"Taste in Men" is a 2000 single by the English alternative rock band Placebo. Taken from their third album, Black Market Music, it reached number 16 in the UK singles chart.

Music and reception
Gigwise ranked the track as Placebo's greatest hit, describing it as "bubbling, space-age blast of howling, claustrophobic electro-rock." Nevertheless, Pitchfork considered the song as a "lazy reprise the Roland 303 industrial funk of 'Pure Morning'."

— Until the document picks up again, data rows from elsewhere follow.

lemma LIN_le_OPT_dominated:
  assumes "finite I" "\<forall>i\<in>I. 0 \<le> s i \<and> s i \<le> S" "finite U"
    and "inj_on f U" "f ` U \<subseteq> I" "\<forall>p\<in>U. r p \<le> s (f p)"
  shows "LIN S r U k \<le> real (OPT S s I k)"
proof -
  obtain B where B: "kpacking S s I k B" "length B = OPT S s I k"
    using OPT_attained assms(1,2) by blast
  show ?thesis
    using LIN_le_length[OF assms(3) kpacking_pullback[OF B(1) assms(1) _ assms(4-6)]] assms(2) B(2)
    by simp
qed

lemma large_items_le_OPT:
  assumes "finite I" "\<forall>i\<in>I. 0 \<le> d i \<and> d i \<le> S" "J \<subseteq> I" "\<forall>j\<in>J. c \<le> d j"
  shows "real k * (real (card J) * c) \<le> real (OPT S d I k) * S"
proof -
  have "real (card J) * c \<le> sum d J"
    using sum_bounded_below[of J c d] assms(4) by simp
  also have "\<dots> \<le> sum d I"
    using assms(1-3) by (intro sum_mono2) auto
  finally have "real k * (real (card J) * c) \<le> real k * sum d I"
    by (rule mult_left_mono) simp
  also have "\<dots> \<le> real (OPT S d I k) * S"
    using assms(2) by (intro total_size_le_OPT[OF assms(1)]) auto
  finally show ?thesis .
qed

lemma group_rounded_le_shifted:
  fixes d :: "'a \<Rightarrow> 'b::preorder"
  assumes "sorted_wrt (\<lambda>a b. d b \<le> d a) js" "0 < g" "g \<le> p" "p < length js"
  shows "d (js ! (g * (p div g))) \<le> d (js ! (p - g))"
proof -
  have "p = g * (p div g) + p mod g" "p mod g < g"
    using assms(2) by simp_all
  then have lower: "p - g \<le> g * (p div g)"
    by linarith
  have upper: "g * (p div g) < length js"
    using assms(4) by (metis div_mult_mod_eq le_add1 mult.commute order.strict_trans1)
  show ?thesis
  proof (cases "p - g = g * (p div g)")
    case False
    then show ?thesis
      using sorted_wrt_nth_less[OF assms(1), of "p - g"] lower upper by simp
  qed simp
qed

lemma card_group_values: "card ((\<lambda>p. f (g * (p div g))) ` {g..<L}) * g \<le> L"
proof (cases "g = 0")
  case False
  have "card ((\<lambda>p. f (g * (p div g))) ` {g..<L}) = card ((\<lambda>q. f (g * q)) ` (\<lambda>p. p div g) ` {g..<L})"
    by (simp add: image_image)
  also have "\<dots> \<le> card ((\<lambda>p. p div g) ` {g..<L})"
    by (rule card_image_le) simp
  also have "\<dots> \<le> card {1..(L - 1) div g}"
  proof (intro card_mono subsetI)
    fix q assume "q \<in> (\<lambda>p. p div g) ` {g..<L}"
    then obtain p where "g \<le> p" "p \<le> L - 1" "q = p div g" by auto
    then show "q \<in> {1..(L - 1) div g}"
      using False by (simp add: Suc_le_eq div_greater_zero_iff div_le_mono)
  qed simp
  finally have "card ((\<lambda>p. f (g * (p div g))) ` {g..<L}) * g \<le> (L - 1) div g * g"
    by simp
  also have "\<dots> \<le> L"
    by (meson div_times_less_eq_dividend diff_le_self le_trans)
  finally show ?thesis .
qed simp
(* Let $A=\Bbbk_{-1}[u,v]$ and $G=G_{n,k}$, where $n,k$ are positive coprime integers with $k\not\equiv2\pmod4$. Then the invariant ring $A^G$ is commutative if and only if $n$ or $k$ is even.
   Context: $\Bbbk$ is algebraically closed of characteristic $0$; $\Bbbk_{-1}[u,v]=\Bbbk\langle u,v\rangle/(vu+uv)$; matrices $\begin{pmatrix}a&b\\c&d\end{pmatrix}$ act by $u\mapsto au+cv$, $v\mapsto bu+dv$. With $\omega$ a primitive $(2nk)$th root of unity, $G_{n,k}$ is generated by $\mathrm{diag}(\omega^{2k},\omega^{-2k})$ and $\begin{pmatrix}0&\omega^n\\\omega^n&0\end{pmatrix}$. $A^G=\{a\in A: g\cdot a=a\ \forall g\in G\}$. *)

theory Defs
  imports "HOL-Computational_Algebra.Polynomial"
begin

text \<open>The skew polynomial ring k_{-1}[u,v], modelled on its monomial basis u^i v^j:
  an element is a finitely supported coefficient function on pairs (i,j).\<close>

type_synonym 'a skp = "nat \<times> nat \<Rightarrow> 'a"

definition skA :: "'a::comm_ring_1 skp set" where
  "skA = {f. finite {p. f p \<noteq> 0}}"

text \<open>(u^a v^b)(u^c v^d) = (-1)^(b c) u^(a+c) v^(b+d), since vu = -uv.\<close>
definition skmul :: "'a::comm_ring_1 skp \<Rightarrow> 'a skp \<Rightarrow> 'a skp" where
  "skmul f g = (\<lambda>p. \<Sum>q\<in>{0..fst p}\<times>{0..snd p}.
      (-1) ^ (snd q * (fst p - fst q)) * f q * g (fst p - fst q, snd p - snd q))"

definition skone :: "'a::comm_ring_1 skp" where
  "skone = (\<lambda>p. if p = (0,0) then 1 else 0)"

definition skpow :: "'a::comm_ring_1 skp \<Rightarrow> nat \<Rightarrow> 'a skp" where
  "skpow f m = ((\<lambda>h. skmul f h) ^^ m) skone"

definition sklin :: "'a::comm_ring_1 \<Rightarrow> 'a \<Rightarrow> 'a skp" where
  "sklin x y = (\<lambda>p. if p = (1,0) then x else if p = (0,1) then y else 0)"

text \<open>2x2 matrices (a,b,c,d) = [[a,b],[c,d]].\<close>
type_synonym 'a mat2 = "'a \<times> 'a \<times> 'a \<times> 'a"

definition mmul :: "'a::comm_ring_1 mat2 \<Rightarrow> 'a mat2 \<Rightarrow> 'a mat2" where
  "mmul M N = (case M of (a,b,c,d) \<Rightarrow> case N of (a',b',c',d') \<Rightarrow>
      (a*a'+b*c', a*b'+b*d', c*a'+d*c', c*b'+d*d'))"

definition mono_img :: "'a::comm_ring_1 mat2 \<Rightarrow> nat \<times> nat \<Rightarrow> 'a skp" where
  "mono_img M q = (case M of (a,b,c,d) \<Rightarrow>
      skmul (skpow (sklin a c) (fst q)) (skpow (sklin b d) (snd q)))"

definition act :: "'a::comm_ring_1 mat2 \<Rightarrow> 'a skp \<Rightarrow> 'a skp" where
  "act M f = (\<lambda>p. \<Sum>q\<in>{q. f q \<noteq> 0}. f q * mono_img M q p)"

text \<open>Subgroup generated by two matrices of finite order (monoid closure suffices).\<close>
inductive_set Ggen :: "'a::comm_ring_1 mat2 \<Rightarrow> 'a mat2 \<Rightarrow> 'a mat2 set" for s1 s2 where
  one: "(1,0,0,1) \<in> Ggen s1 s2"
| step1: "g \<in> Ggen s1 s2 \<Longrightarrow> mmul g s1 \<in> Ggen s1 s2"
| step2: "g \<in> Ggen s1 s2 \<Longrightarrow> mmul g s2 \<in> Ggen s1 s2"

definition Gnk :: "'a::field \<Rightarrow> nat \<Rightarrow> nat \<Rightarrow> 'a mat2 set" where
  "Gnk \<omega> n k = Ggen (\<omega>^(2*k), 0, 0, inverse (\<omega>^(2*k))) (0, \<omega>^n, \<omega>^n, 0)"

definition invariants :: "'a::comm_ring_1 mat2 set \<Rightarrow> 'a skp set" where
  "invariants G = {f \<in> skA. \<forall>g\<in>G. act g f = f}"

definition sk_commutative :: "'a::comm_ring_1 skp set \<Rightarrow> bool" where
  "sk_commutative S = (\<forall>f\<in>S. \<forall>g\<in>S. skmul f g = skmul g f)"

end

theory Submission
  imports Defs
begin

text \<open>Every element of G_{n,k} is diagonal or antidiagonal, so it maps each monomial u^i v^j
  to a scalar multiple of u^i v^j or of u^j v^i. Invariance under diag(\<omega>^{2k}, \<omega>^{-2k}) and
  under the scalar (\<omega>^{2n}) = T^2 confines invariants to monomials with i \<equiv> j (mod n) and
  k | i + j. If n or k is even, all these monomials have even degree, and elements spanned by
  even-degree monomials commute in k_{-1}[u,v]. If n and k are both odd, a = nk is odd,
  and u^a - v^a and u^{3a} v^a - u^a v^{3a} are invariants whose two products differ in the
  coefficient of u^{4a} v^a.\<close>

definition skmonom :: "'a::comm_ring_1 \<Rightarrow> nat \<times> nat \<Rightarrow> 'a skp" where
  "skmonom c m = (\<lambda>p. if p = m then c else 0)"

lemma skmul_skmonom:
  "skmul (skmonom \<alpha> (a, b)) (skmonom \<beta> (c, d)) = skmonom (\<alpha> * \<beta> * (-1) ^ (b * c)) (a + c, b + d)"
proof
  fix p :: "nat \<times> nat"
  let ?B = "{0..fst p} \<times> {0..snd p}"
  have "skmul (skmonom \<alpha> (a, b)) (skmonom \<beta> (c, d)) p =
      (\<Sum>q\<in>?B. if q = (a, b) then (-1) ^ (b * (fst p - a)) * \<alpha> *
         (if (fst p - a, snd p - b) = (c, d) then \<beta> else 0) else 0)"
    unfolding skmul_def skmonom_def by (rule sum.cong) auto
  also have "\<dots> = skmonom (\<alpha> * \<beta> * (-1) ^ (b * c)) (a + c, b + d) p"
    by (cases p) (auto simp: skmonom_def)
  finally show "skmul (skmonom \<alpha> (a, b)) (skmonom \<beta> (c, d)) p =
      skmonom (\<alpha> * \<beta> * (-1) ^ (b * c)) (a + c, b + d) p" .
qed

lemma skmul_diff_left: "skmul (f - g) h = skmul f h - skmul g h"
  unfolding skmul_def by (auto simp: algebra_simps sum_subtractf)

lemma skmul_diff_right: "skmul h (f - g) = skmul h f - skmul h g"
  unfolding skmul_def by (auto simp: algebra_simps sum_subtractf)

lemma skmonom_in_skA: "skmonom c m \<in> skA"
proof -
  have "{p. skmonom c m p \<noteq> 0} \<subseteq> {m}" by (auto simp: skmonom_def)
  then show ?thesis unfolding skA_def by (auto intro: finite_subset)
qed

lemma skA_diff: "f \<in> skA \<Longrightarrow> g \<in> skA \<Longrightarrow> f - g \<in> skA"
proof -
  assume "f \<in> skA" "g \<in> skA"
  moreover have "{p. (f - g) p \<noteq> 0} \<subseteq> {p. f p \<noteq> 0} \<union> {p. g p \<noteq> 0}" by auto
  ultimately show ?thesis unfolding skA_def by (auto intro: finite_subset)
qed

lemma skpow_Suc: "skpow f (Suc m) = skmul f (skpow f m)"
  unfolding skpow_def by simp

lemma skpow_0: "skpow f 0 = skmonom 1 (0, 0)"
  unfolding skpow_def skone_def skmonom_def by simp

lemma skpow_u: "skpow (skmonom \<alpha> (1, 0)) m = skmonom (\<alpha> ^ m) (m, 0)"
  by (induction m) (simp_all add: skpow_0 skpow_Suc skmul_skmonom)

lemma skpow_v: "skpow (skmonom \<alpha> (0, 1)) m = skmonom (\<alpha> ^ m) (0, m)"
  by (induction m) (simp_all add: skpow_0 skpow_Suc skmul_skmonom)

lemma sklin_u: "sklin x 0 = skmonom x (1, 0)"
  by (auto simp: sklin_def skmonom_def)

lemma sklin_v: "sklin 0 y = skmonom y (0, 1)"
  by (auto simp: sklin_def skmonom_def)

lemma mono_img_diag: "mono_img (x, 0, 0, y) (i, j) = skmonom (x ^ i * y ^ j) (i, j)"
  unfolding mono_img_def
  by (simp only: prod.case fst_conv snd_conv sklin_u sklin_v skpow_u skpow_v skmul_skmonom) simp

lemma mono_img_antidiag:
  "mono_img (0, b, c, 0) (i, j) = skmonom (c ^ i * b ^ j * (-1) ^ (i * j)) (j, i)"
  unfolding mono_img_def
  by (simp only: prod.case fst_conv snd_conv sklin_u sklin_v skpow_u skpow_v skmul_skmonom) simp

lemma act_monomial_image:
  assumes "f \<in> skA" and img: "\<And>q. mono_img M q = skmonom (c q) (\<sigma> q)" and "inj \<sigma>"
  shows "act M f (\<sigma> q) = f q * c q"
proof -
  have "act M f (\<sigma> q) = (\<Sum>r\<in>{r. f r \<noteq> 0}. if r = q then f q * c q else 0)"
    unfolding act_def img skmonom_def using \<open>inj \<sigma>\<close> by (intro sum.cong) (auto dest: injD)
  also have "\<dots> = f q * c q"
    using \<open>f \<in> skA\<close> by (auto simp: skA_def)
  finally show ?thesis .
qed

lemma act_diag:
  assumes "f \<in> skA"
  shows "act (x, 0, 0, y) f (i, j) = f (i, j) * x ^ i * y ^ j"
proof -
  have "act (x, 0, 0, y) f (id (i, j)) = f (i, j) * (case (i, j) of (i, j) \<Rightarrow> x ^ i * y ^ j)"
    by (rule act_monomial_image[OF assms]) (auto simp: mono_img_diag)
  then show ?thesis by (simp add: mult.assoc)
qed

lemma act_antidiag:
  assumes "f \<in> skA"
  shows "act (0, b, c, 0) f (i, j) = f (j, i) * c ^ j * b ^ i * (-1) ^ (i * j)"
proof -
  have "act (0, b, c, 0) f (prod.swap (j, i)) =
      f (j, i) * (case (j, i) of (i, j) \<Rightarrow> c ^ i * b ^ j * (-1) ^ (i * j))"
    by (rule act_monomial_image[OF assms]) (auto simp: mono_img_antidiag)
  then show ?thesis by (simp add: mult.assoc mult.commute)
qed

lemma skmul_commute_even_support:
  fixes f g :: "'a::comm_ring_1 skp"
  assumes f: "\<And>p. f p \<noteq> 0 \<Longrightarrow> even (fst p + snd p)"
    and g: "\<And>p. g p \<noteq> 0 \<Longrightarrow> even (fst p + snd p)"
  shows "skmul f g = skmul g f"
proof
  fix p :: "nat \<times> nat"
  let ?B = "{0..fst p} \<times> {0..snd p}"
  let ?j = "\<lambda>q::nat \<times> nat. (fst p - fst q, snd p - snd q)"
  show "skmul f g p = skmul g f p"
    unfolding skmul_def
  proof (rule sum.reindex_bij_witness[where i = ?j and j = ?j])
    fix q assume q: "q \<in> ?B"
    show "?j (?j q) = q" and "?j q \<in> ?B" using q by (cases q; auto)+
    show "(-1) ^ (snd (?j q) * (fst p - fst (?j q))) * g (?j q) * f (fst p - fst (?j q), snd p - snd (?j q))
        = (-1) ^ (snd q * (fst p - fst q)) * f q * g (fst p - fst q, snd p - snd q)"
    proof (cases "f q = 0 \<or> g (?j q) = 0")
      case True
      then show ?thesis using q by (cases q) auto
    next
      case False
      then have "even (fst q + snd q)" and "even ((fst p - fst q) + (snd p - snd q))"
        using f[of q] g[of "?j q"] by auto
      \<comment> \<open>even degree: both factors have fst \<equiv> snd (mod 2), so the sign exponents agree mod 2\<close>
      then have "even ((snd p - snd q) * fst q) = even (snd q * (fst p - fst q))"
        by (auto simp: even_mult_iff)
      then have "(-1::'a) ^ ((snd p - snd q) * fst q) = (-1) ^ (snd q * (fst p - fst q))"
        by (simp add: minus_one_power_iff)
      then show ?thesis using q by (cases q) (auto simp: algebra_simps)
    qed
  qed auto
qed

lemma power_mod_order:
  fixes x :: "'a::monoid_mult"
  assumes "x ^ N = 1"
  shows "x ^ m = x ^ (m mod N)"
proof -
  have "x ^ m = (x ^ N) ^ (m div N) * x ^ (m mod N)"
    by (simp flip: power_mult power_add)
  then show ?thesis using assms by simp
qed

lemma power_eq_if_mod_eq:
  fixes x :: "'a::monoid_mult"
  assumes "x ^ N = 1" and "i mod N = j mod N"
  shows "x ^ i = x ^ j"
  using power_mod_order[OF assms(1)] assms(2) by metis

According to frontman Brian Molko, the band was influenced by the industrial rock band Nine Inch Nails during the recording of the song, particularly by the track "Wish".

Music video
The music video, directed by Barbara McDonogh, was filmed in the Central London Register office. It shows Molko involved in a bizarre love triangle with a rowing couple.  Montages of Molko with both the man and the woman are sequenced throughout the video.

Live performance history
The song was a staple of the Black Market Music and Sleeping With Ghosts tours. Despite not appearing during the initial legs of the tour, it reappeared for the winter 2006 leg of the Meds tour and remained until the conclusion of the tour. It was the closing song for all shows on the Battle For The Sun tour. The song also appeared during the 2012 tour as the concluding song for all shows, but was dropped at the start of the Summer Festivals leg.

Trivia
The phrase "come back to me awhile" is taken from the Sonic Youth song "Catholic Block", found on their album Sister.

The song was used in an episode from the United States version of Queer as Folk.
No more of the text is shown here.